Here's a pic from an outing last summer,... one of the bridge markers they (porcupines) "ate"...


----------



## downeastdigger (Apr 14, 2012)

GREAT story, one of the best of the year on the forum, I'd say.  Man, what a cool amber blob!  Certainly never seen it before, but I'm sure someone on here can help ID it. Some of those other shards looked early as well.  I hate it when people leave comments on here saying, "man if I were you, I'd go back and dig that place out!"   but.....man if I were you I'd dig that place out   Seriously, I know how it goes, and I'm sure  you  probed the hell out of the place.

 I'm still in a digging/diving slump, so good mojo off your post here may give me a boost.

 Haven't seen a bear while on a dig yet, thats on my bucket list.


----------



## CreekWalker (Apr 14, 2012)

Thanks, great story!  Do you carry the capsium cartridge for bear repellant?


----------



## RICKJJ59W (Apr 14, 2012)

Wow just laying on top??? Nice blobs.
   Man you guys get the easy pickins I'll tell ya[] ya got machines to dig lots.ya got bottle's   under houses and you find bottles just laying in the woods.

 Im going to move up there so i don't have to bust my Nutzz diggin privys [8D]


----------



## Penn Digger (Apr 14, 2012)

Joe - Nice posts, as always.

 Rick - We don't get the age of bottles you get down your way.  The bottle was actually on a bit of an  angle.  The top was in the dirt and there was some dirt inside.
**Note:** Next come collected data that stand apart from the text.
(* Let $n\ge 1$ and let $\boldsymbol{\theta}\mapsto \ket{\phi(\boldsymbol{\theta})}$, $\boldsymbol{\theta}\in\mathbb{R}^m$, be any smooth map into normalized pure states of $n$ qubits (Hilbert space $\mathbb{C}^{2^n}$). For a unitary $U\in U(2^n)$ and $\boldsymbol{s}\in\{0,1\}^n$ let $p_{\boldsymbol{s}}^U(\boldsymbol{\theta}) := \bra{\phi(\boldsymbol{\theta})}U^{\dagger}\Pi_{\boldsymbol{s}}U\ket{\phi(\boldsymbol{\theta})}$, where $\Pi_{\boldsymbol{s}}=\ket{\boldsymbol{s}}\bra{\boldsymbol{s}}$ is the computational-basis projector. Then for all $\boldsymbol{\theta}$ and all $i,j\in\{1,\dots,m\}$, $$[\mathcal{F}_Q(\boldsymbol{\theta})]_{ij} = 2(2^n+1)\sum_{\boldsymbol{s}\in\{0,1\}^n}\mathbb{E}_{U\sim\mu_H}\left[\frac{\partial p_{\boldsymbol{s}}^U(\boldsymbol{\theta})}{\partial\theta_i}\frac{\partial p_{\boldsymbol{s}}^U(\boldsymbol{\theta})}{\partial\theta_j}\right],$$ where $\mu_H$ is the Haar probability measure on $U(2^n)$.
   Context: The quantum Fisher information matrix (QFIM) of the parameterized pure state is the $m\times m$ real matrix with entries $$[\mathcal{F}_Q(\boldsymbol{\theta})]_{ij} = 4\,\mathrm{Re}\left[\frac{\partial\bra{\phi(\boldsymbol{\theta})}}{\partial\theta_i}\frac{\partial\ket{\phi(\boldsymbol{\theta})}}{\partial\theta_j} - \frac{\partial\bra{\phi(\boldsymbol{\theta})}}{\partial\theta_i}\ket{\phi(\boldsymbol{\theta})}\bra{\phi(\boldsymbol{\theta})}\frac{\partial\ket{\phi(\boldsymbol{\theta})}}{\partial\theta_j}\right],$$ equivalently twice the Hessian at $\boldsymbol{\epsilon}=0$ of the infidelity $1-|\langle\phi(\boldsymbol{\theta})|\phi(\boldsymbol{\theta}+\boldsymbol{\epsilon})\rangle|^2$ with respect to $\boldsymbol{\epsilon}$. *)

theory Defs
  imports "HOL-Analysis.Analysis" "HOL-Probability.Probability"
begin

text \<open>Hilbert space of n qubits: complex^'d with CARD('d) = 2^n; the computational
basis vectors are indexed by the elements of 'd (a relabelling of {0,1}^n).\<close>

definition braket :: "complex^'d \<Rightarrow> complex^'d \<Rightarrow> complex" where
  "braket a b = (\<Sum>k\<in>UNIV. cnj (a $ k) * b $ k)"

definition cadj :: "complex^'d^'d \<Rightarrow> complex^'d^'d" where
  "cadj U = (\<chi> i j. cnj (U $ j $ i))"

definition unitary_group :: "(complex^'d^'d) set" where
  "unitary_group = {U. U ** cadj U = mat 1 \<and> cadj U ** U = mat 1}"

definition basis_proj :: "'d::finite \<Rightarrow> complex^'d^'d" where
  "basis_proj s = (\<chi> a b. if a = s \<and> b = s then 1 else 0)"

definition partial :: "'m::finite \<Rightarrow> (real^'m \<Rightarrow> 'b::real_normed_vector) \<Rightarrow> real^'m \<Rightarrow> 'b" where
  "partial i g x = vector_derivative (\<lambda>t. g (x + t *\<^sub>R axis i 1)) (at 0)"

fun iter_partial :: "'m::finite list \<Rightarrow> (real^'m \<Rightarrow> 'b::real_normed_vector) \<Rightarrow> real^'m \<Rightarrow> 'b" where
  "iter_partial [] g = g"
| "iter_partial (i # is) g = partial i (iter_partial is g)"

definition smooth_map :: "(real^'m::finite \<Rightarrow> 'b::real_normed_vector) \<Rightarrow> bool" where
  "smooth_map g \<longleftrightarrow> (\<forall>is. continuous_on UNIV (iter_partial is g) \<and>
      (\<forall>i x. (\<lambda>t. iter_partial is g (x + t *\<^sub>R axis i 1)) differentiable (at 0)))"

definition qfim :: "(real^'m::finite \<Rightarrow> complex^'d::finite) \<Rightarrow> real^'m \<Rightarrow> 'm \<Rightarrow> 'm \<Rightarrow> real" where
  "qfim \<phi> \<theta> i j = 4 * Re (braket (partial i \<phi> \<theta>) (partial j \<phi> \<theta>)
      - braket (partial i \<phi> \<theta>) (\<phi> \<theta>) * braket (\<phi> \<theta>) (partial j \<phi> \<theta>))"

definition outcome_prob :: "(real^'m::finite \<Rightarrow> complex^'d::finite) \<Rightarrow> complex^'d^'d \<Rightarrow> 'd \<Rightarrow> real^'m \<Rightarrow> real" where
  "outcome_prob \<phi> U s \<theta> = Re (braket (\<phi> \<theta>) ((cadj U ** basis_proj s ** U) *v \<phi> \<theta>))"

definition haar_unitary :: "(complex^'d::finite^'d) measure \<Rightarrow> bool" where
  "haar_unitary \<mu> \<longleftrightarrow> prob_space \<mu> \<and> space \<mu> = unitary_group \<and>
     sets \<mu> = sets (restrict_space borel unitary_group) \<and>
     (\<forall>V\<in>unitary_group. \<forall>A\<in>sets \<mu>. measure \<mu> ((\<lambda>U. V ** U) ` A) = measure \<mu> A)"

end

theory Submission
  imports Defs
begin
lemma alternating_sum_edges:
  assumes "nbars w \<noteq> 0" and "even (nbars w)"
  shows "alternating_sum (map word_weight (edges w)) = - twisted_weight w"
proof -
  obtain e0 es where ss: "split_bars w = e0 # es" by (meson neq_Nil_conv split_bars_not_Nil)
  have "length es = nbars w" using length_split_bars[of w] by (simp add: ss)
  then have "es \<noteq> []" and "(-1::int) ^ length (butlast es) = -1"
    using assms by auto
  then have snoc: "alternating_sum (map word_weight (butlast es @ [e])) =
      alternating_sum (map word_weight (butlast es)) - word_weight e" for e
    by (simp add: alternating_sum_append)
  have "alternating_sum (map word_weight (edges w)) =
      alternating_sum (map word_weight es) - word_weight e0"
    using snoc[of "last es @ e0"] snoc[of "last es"] \<open>es \<noteq> []\<close>
    by (simp add: edges_split_bars[OF ss \<open>es \<noteq> []\<close>] word_weight_def)
  then show ?thesis by (simp add: twisted_weight_split_bars ss)
qed

lemma twisted_weight_eq_word_weight: "Bar \<notin> set w \<Longrightarrow> twisted_weight w = word_weight w"
  by (induction w) (auto simp: word_weight_def)

lemma S_eq_abs_twisted_weight:
  assumes "wf_gauss w" and "even (nbars w)"
  shows "S w = \<bar>twisted_weight w\<bar>"
proof (cases "nbars w = 0")
  case True
  then have "Bar \<notin> set w" by (simp add: nbars_def count_list_0_iff)
  then have "filter (\<lambda>l. l \<noteq> Bar) w = w" by (auto simp: filter_id_conv)
  then have "distinct w" using wf_gauss_distinct[OF assms(1)] by simp
  with \<open>Bar \<notin> set w\<close> have "twisted_weight w = s_edge w"
    by (simp add: twisted_weight_eq_word_weight s_edge_eq_word_weight)
  with True s_edge_wf_gauss[OF assms(1)] show ?thesis by (simp add: S_def)
next
  case False
  have "S w = \<bar>alternating_sum (map s_edge (edges w))\<bar>"
    by (rule S_eq_alternating_sum_edges[OF False assms(2)])
  also have "map s_edge (edges w) = map word_weight (edges w)"
    by (rule map_cong[OF refl]) (simp add: distinct_edges[OF assms(1) False] s_edge_eq_word_weight)
  also have "alternating_sum \<dots> = - twisted_weight w"
    by (rule alternating_sum_edges[OF False assms(2)])
  finally show ?thesis by simp
qed
(* Let $\theta:\Omega A\to\Omega B$ be a map of differential graded algebras, $M$ a right $A$-module, $\nabla_0:\mathrm{Hom}_A(\Omega^1A,M)\to M$ a hom-connection with curvature $F$, and let $\nabla_0^\theta:\mathrm{Hom}_B(\Omega^1B,\mathrm{Hom}_A(B,M))\to\mathrm{Hom}_A(B,M)$ be the induced hom-connection, $\nabla_0^\theta(f)(b)=\nabla_0(f\circ\ell_b\circ\theta)-f(db)$ (with $f\in\mathrm{Hom}_A(\Omega^1B,M)$, $\ell_b(\omega)=b\omega$), with curvature $F^\theta$. Then for all $f\in\mathrm{Hom}_B(\Omega^2B,\mathrm{Hom}_A(B,M))\cong\mathrm{Hom}_A(\Omega^2B,M)$ and all $b\in B$, $$F^\theta(f)(b)=F(fb\circ\theta),$$ where $fb\in\mathrm{Hom}_A(\Omega^2B,M)$ is $\omega\mapsto f(b\omega)$ and $fb\circ\theta$ is restricted to $\Omega^2A$. In particular, if $\nabla_0$ is flat, then so is $\nabla_0^\theta$.
   Context: All algebras are associative and unital over a field $k$. A differential graded algebra $\Omega A=\bigoplus_{n\ge0}\Omega^nA$ over $A=\Omega^0A$ has a degree-one differential $d$, $d^2=0$, with the graded Leibniz rule; a map of differential graded algebras is a degree-preserving unital algebra map commuting with $d$. $B$ and all $\Omega^nB$ are $A$-bimodules via $\theta$. $\mathrm{Hom}_A$ denotes right $A$-linear maps; $\mathrm{Hom}_A(B,M)$ is a right $B$-module by $(gb)(b')=g(bb')$, and $\mathrm{Hom}_B(\Omega^nB,\mathrm{Hom}_A(B,M))\cong\mathrm{Hom}_A(\Omega^nB,M)$ via $f\mapsto(\omega\mapsto f(\omega)(1))$. For a right $A$-module $P$, $\mathrm{Hom}_A(\Omega^1A,P)$ is a right $A$-module via $(fa)(\omega)=f(a\omega)$, and a hom-connection on $P$ is a $k$-linear $\nabla_0:\mathrm{Hom}_A(\Omega^1A,P)\to P$ with $\nabla_0(fa)=\nabla_0(f)a+f(da)$ (analogously over $\Omega B$). For $\omega\in\Omega^nA$ and $f\in\mathrm{Hom}_A(\Omega^{n+m}A,P)$, $(f\omega)(\omega')=f(\omega\omega')$. Given a hom-connection $\nabla_0$, its extension $\nabla_1:\mathrm{Hom}_A(\Omega^2A,P)\to\mathrm{Hom}_A(\Omega^1A,P)$ is $\nabla_1(f)(\omega)=\nabla_0(f\omega)+f(d\omega)$, its curvature is $F=\nabla_0\circ\nabla_1$ (identifying $\mathrm{Hom}_A(A,P)\cong P$), and it is flat if $F=0$; the same definitions apply over $\Omega B$ to $\nabla_0^\theta$. *)

theory Defs
  imports Main "HOL-Library.Function_Algebras"
begin

text \<open>A differential graded algebra over a field k is modelled by a ring_1 type 'a (the total
algebra, the direct sum of the graded pieces), a grading (grade D n = Omega^n), a differential
and the structure map k -> Omega^0 (central unital ring map) giving the k-algebra structure.\<close>

record ('k, 'a) dga =
  grade :: "nat \<Rightarrow> 'a set"
  dif   :: "'a \<Rightarrow> 'a"
  sc    :: "'k \<Rightarrow> 'a"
 Anybody ever seen an amber blob with a backside like that one?



 Pd


----------



## div2roty (Apr 14, 2012)

Bears????  I'd be afraid the flare gun would just piss them off, maybe make them hungry.

  Cool story.  Too bad the pepper sauce and the pickle were not whole, they looked good.


----------



## surfaceone (Apr 14, 2012)

> If anyone has any info on this guy please chime right in!


 
 Hey Joe,

 What a jaunt of a tale, and one wonderful, only slightly gnawn bottle! [8D] 

 Am I correct in reading that as "L.A. Smith, Dunkirk, NY"? If so, I sure didn't find much. Just an old Worthlesspoint Listing, from 2008, without photo, extolling it as "Rare !"

 I'm gonna point you to an Allegheny Valley History, that contains, at least, this tantalizing tidbit, "Mary L., married L. A. Smith, and died in Dunkirk, New York." I rapidly scanned about half of it for 45 min. or so, but did not find the Smith Connection. Sorry, I'm feeling a lack of patience tonight. There's quite a bit of Bradford content there, so you should find some of it of interest.

 Diggers have to battle all sorts of conditions and obstacles, in the hunt, but heretofore, I hadn't even worked gnawing porcupines into the mix. [8D]





From.


----------



## Terphunter (Apr 15, 2012)

Cool post...would love to find an open blob like that!


----------



## rockbot (Apr 15, 2012)

That is one nice find guys, the embossed blob bottle on the bottle with THIS BOTTLE NEVER SOLD is far out cool!
 How rare is that![]
 Always a great adventure. congrats!




> ORIGINAL:  JOETHECROW
> 
> Great color on this guy...


----------



## mr.fred (Apr 15, 2012)

Great adventure you 2[]---sorry i missed out on it[]-----Tom that bottle is awesome!           ~Fred


----------



## bottle_head9 (Apr 15, 2012)

Thans for sharing Joe. I really enjoyed your adventure.[]


----------



## BellwoodBoys (Apr 15, 2012)

Great adventure and bottles Joe. All the amber blobs I dig up are broken[]


----------



## bombboy (Apr 15, 2012)

Joe,

   J A Smith is listed on Tod's site, and mention of the bottle motif, however, not in amber as yours.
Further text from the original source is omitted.